Mitsuo Shiota 2019-07-19
- tqr: add-on to tsibble, inspired by
tidyquant
- Installation
- Libraries
- Transform a tsibble into lower frequency
- Time-wise functions to transform a numeric vector are useful and flexible
- cal_time_wise: function factory to produce a function to transform a tsibble
- tq_diff: calculate differences
- “order_by” argument in time-wise functions to transform a numeric vector
- moving_average and tq_ma: calculate moving averages
- growth_rate and tq_gr: calculate growth rates
- season_adjust and tq_sa: calculate seasonally adjusted values
Updated: 2021-09-04
When I utilize tidyquant
package
for economic analyses, I often find myself writing similar functions
repeatedly. I also find the idea of time aware dataframe of tsibble
package may
help me deal with time series data more confidently. So I have decided
to build this package to facilitate my work.
As of version 0.0.0.9011, I have added time-wise functions to transform a numeric vector, and a function factory using those time-wise functions, rewritten functions to transform a tsibble using that function factory, and deprecated old function factories.

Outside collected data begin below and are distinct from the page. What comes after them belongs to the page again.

lemma staircase_indiff_exists:
  assumes R: "classical R" and v: "v \<in> ZZ" and tv: "0 < fst v" and q0: "0 \<le> q0" "q0 < snd v"
  shows "\<exists>l. - fst v < l \<and> l < snd v - q0 \<and> indiff R (staircase q0 l) v"
proof -
  have sv: "snd v \<le> 1" using v by (cases v) (auto simp: ZZ_def)
  have IZ: "staircase q0 l \<in> ZZ" if "l \<in> {- fst v .. snd v - q0}" for l
    using that q0 sv tv by (intro staircase_in_ZZ) auto
  have lo: "staircase q0 (- fst v) = (fst v, q0)" using tv by (simp add: staircase_neg)
  have hi: "staircase q0 (snd v - q0) = (0, snd v)" using q0 by (auto simp: staircase_def)
  have loZ: "(fst v, q0) \<in> ZZ" and hiZ: "(0, snd v) \<in> ZZ"
    using IZ[of "- fst v"] IZ[of "snd v - q0"] lo hi tv q0 by auto
  have lo1: "R v (fst v, q0)" and lo2: "\<not> R (fst v, q0) v"
    using q0 classical_prefers_dominating[OF R v loZ] classical_not_prefers_dominated[OF R v loZ]
    by (auto simp: prod_eq_iff)
  have hi1: "R (0, snd v) v" and hi2: "\<not> R v (0, snd v)"
    using tv classical_prefers_dominating[OF R hiZ v] classical_not_prefers_dominated[OF R hiZ v]
    by (auto simp: prod_eq_iff)
  have "\<exists>l\<in>{- fst v .. snd v - q0}. indiff R v (staircase q0 l)"
    by (rule classical_indiff_on_path[OF R _ continuous_on_const continuous_on_staircase])
      (use IZ v lo hi lo1 hi1 tv q0 in auto)
  then obtain l where l: "l \<in> {- fst v .. snd v - q0}" and I: "indiff R v (staircase q0 l)" ..
  have "l \<noteq> - fst v" "l \<noteq> snd v - q0" using I lo2 hi2 lo hi by (auto simp: indiff_def)
  then show ?thesis using l I by (intro exI[of _ l]) (auto simp: indiff_def)
qed

lemma closed_indiff_set:
  assumes R: "classical R" and T: "closed T"
    and f: "continuous_on T f" and g: "continuous_on T g"
  shows "closed {p \<in> T. indiff R (f p) (g p)}"
proof -
  have "{p \<in> T. indiff R (f p) (g p)} =
      (T \<inter> (\<lambda>p. (f p, g p)) -` {p. R (fst p) (snd p)}) \<inter>
      (T \<inter> (\<lambda>p. (g p, f p)) -` {p. R (fst p) (snd p)})"
    by (auto simp: indiff_def)
  then show ?thesis
    by (simp only: closed_Int continuous_closed_preimage T classical_closed_graph[OF R]
        continuous_on_Pair f g)
qed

- Time-wise functions to transform a numeric vector
- moving_average: transform into moving averages
- growth_rate: transform into growth rates
- season_adjust: transform into seasonally adjusted values
- A function factory to produce functions to transform a tsibble
- cal_time_wise: produce functions using time_wise vector functions
- Functions to transform a tsibble
- tq_diff: transform numeric columns into differences
- tq_ma: transform numeric columns into moving averages
- tq_gr: transform numeric columns into growth rates
- tq_sa: transform numeric columns into seasonally adjusted values
- Deprecated function factories
- cal_factory: produce functions
- cal_factory_zoo: produce functions utilizing zoo package
- cal_factory_ts: produce functions utilizing ts class
- cal_factory_xts: produce functions utilizing xts package
This package is only for my own use for now. “You” means “future me”.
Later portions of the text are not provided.